Exactly as written, set down every entry once more.

──────── Record extracts ────────

(* Let $\varepsilon\ge0$ and assume the continuity assumption holds. Define $H:\mathbb{R}_+^{2K}\to\mathbb{R}$ by $$H(\lambda^{(1)},\lambda^{(2)})=\sum_{s\in\{-1,1\}}\mathbb{E}\left[\max_{k\in[K]}\big(\pi_sp_k(X,s)-s(\lambda^{(1)}_k-\lambda^{(2)}_k)\big)\,\Big|\,S=s\right]+\varepsilon\sum_{k=1}^K(\lambda^{(1)}_k+\lambda^{(2)}_k),$$ and let $(\lambda^{*(1)},\lambda^{*(2)})\in\arg\min_{\mathbb{R}_+^{2K}}H$. Then a classifier $g^*$ satisfies $g^*\in\arg\min_{g\in\mathcal{G}_{\varepsilon\text{-fair}}}\mathcal{R}(g)$ if and only if $g^*\in\arg\min_{g\in\mathcal{G}}\mathcal{R}_{\lambda^{*(1)},\lambda^{*(2)}}(g)$. Moreover, the classifier $$g^*_{\varepsilon\text{-fair}}(x,s)=\arg\max_{k\in[K]}\big(\pi_sp_k(x,s)-s(\lambda^{*(1)}_k-\lambda^{*(2)}_k)\big)$$ is an optimal $\varepsilon$-fair classifier.
   Context: $(X,S,Y)\sim\mathbb{P}$, $X\in\mathcal{X}\subset\mathbb{R}^d$, $S\in\{-1,1\}$, $Y\in[K]$, $\pi_s=\mathbb{P}(S=s)>0$, $p_k(x,s)=\mathbb{P}(Y=k\mid X=x,S=s)$. $\mathcal{G}$ is the set of measurable classifiers $g:\mathcal{X}\times\{-1,1\}\to[K]$, with risk $\mathcal{R}(g)=\mathbb{P}(g(X,S)\ne Y)$. Writing $D_k(g)=\mathbb{P}(g(X,S)=k\mid S=1)-\mathbb{P}(g(X,S)=k\mid S=-1)$, $g$ is $\varepsilon$-fair ($g\in\mathcal{G}_{\varepsilon\text{-fair}}$) if $|D_k(g)|\le\varepsilon$ for all $k\in[K]$. The $\varepsilon$-fair-risk is $\mathcal{R}_{\lambda^{(1)},\lambda^{(2)}}(g)=\mathcal{R}(g)+\sum_k\lambda^{(1)}_k[D_k(g)-\varepsilon]+\sum_k\lambda^{(2)}_k[-D_k(g)-\varepsilon]$ for $\lambda^{(1)},\lambda^{(2)}\in\mathbb{R}_+^K$. Continuity assumption: for all $k\neq j$ and $s$, $t\mapsto\mathbb{P}(p_k(X,S)-p_j(X,S)\le t\mid S=s)$ is continuous. *)

theory Defs
  imports "HOL-Probability.Probability"
begin

text \<open>Probability setting: sample space M, X valued in a Euclidean space (playing R^d),
  S valued in {-1,1} (as int), Y valued in {1..K} (as nat).\<close>

definition piS :: "'a measure \<Rightarrow> ('a \<Rightarrow> int) \<Rightarrow> int \<Rightarrow> real" where
  "piS M S s = measure M {\<omega>\<in>space M. S \<omega> = s}"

────────

:: Solution to the exercise ::
(* Let $\varepsilon\ge0$ and assume the continuity assumption holds. Define $H:\mathbb{R}_+^{2K}\to\mathbb{R}$ by $$H(\lambda^{(1)},\lambda^{(2)})=\sum_{s\in\{-1,1\}}\mathbb{E}\left[\max_{k\in[K]}\big(\pi_sp_k(X,s)-s(\lambda^{(1)}_k-\lambda^{(2)}_k)\big)\,\Big|\,S=s\right]+\varepsilon\sum_{k=1}^K(\lambda^{(1)}_k+\lambda^{(2)}_k),$$ and let $(\lambda^{*(1)},\lambda^{*(2)})\in\arg\min_{\mathbb{R}_+^{2K}}H$. Then a classifier $g^*$ satisfies $g^*\in\arg\min_{g\in\mathcal{G}_{\varepsilon\text{-fair}}}\mathcal{R}(g)$ if and only if $g^*\in\arg\min_{g\in\mathcal{G}}\mathcal{R}_{\lambda^{*(1)},\lambda^{*(2)}}(g)$. Moreover, the classifier $$g^*_{\varepsilon\text{-fair}}(x,s)=\arg\max_{k\in[K]}\big(\pi_sp_k(x,s)-s(\lambda^{*(1)}_k-\lambda^{*(2)}_k)\big)$$ is an optimal $\varepsilon$-fair classifier.
   Context: $(X,S,Y)\sim\mathbb{P}$, $X\in\mathcal{X}\subset\mathbb{R}^d$, $S\in\{-1,1\}$, $Y\in[K]$, $\pi_s=\mathbb{P}(S=s)>0$, $p_k(x,s)=\mathbb{P}(Y=k\mid X=x,S=s)$. $\mathcal{G}$ is the set of measurable classifiers $g:\mathcal{X}\times\{-1,1\}\to[K]$, with risk $\mathcal{R}(g)=\mathbb{P}(g(X,S)\ne Y)$. Writing $D_k(g)=\mathbb{P}(g(X,S)=k\mid S=1)-\mathbb{P}(g(X,S)=k\mid S=-1)$, $g$ is $\varepsilon$-fair ($g\in\mathcal{G}_{\varepsilon\text{-fair}}$) if $|D_k(g)|\le\varepsilon$ for all $k\in[K]$. The $\varepsilon$-fair-risk is $\mathcal{R}_{\lambda^{(1)},\lambda^{(2)}}(g)=\mathcal{R}(g)+\sum_k\lambda^{(1)}_k[D_k(g)-\varepsilon]+\sum_k\lambda^{(2)}_k[-D_k(g)-\varepsilon]$ for $\lambda^{(1)},\lambda^{(2)}\in\mathbb{R}_+^K$. Continuity assumption: for all $k\neq j$ and $s$, $t\mapsto\mathbb{P}(p_k(X,S)-p_j(X,S)\le t\mid S=s)$ is continuous. *)

theory Defs
  imports "HOL-Probability.Probability"
begin

text \<open>Probability setting: sample space M, X valued in a Euclidean space (playing R^d),
  S valued in {-1,1} (as int), Y valued in {1..K} (as nat).\<close>

definition piS :: "'a measure \<Rightarrow> ('a \<Rightarrow> int) \<Rightarrow> int \<Rightarrow> real" where
  "piS M S s = measure M {\<omega>\<in>space M. S \<omega> = s}"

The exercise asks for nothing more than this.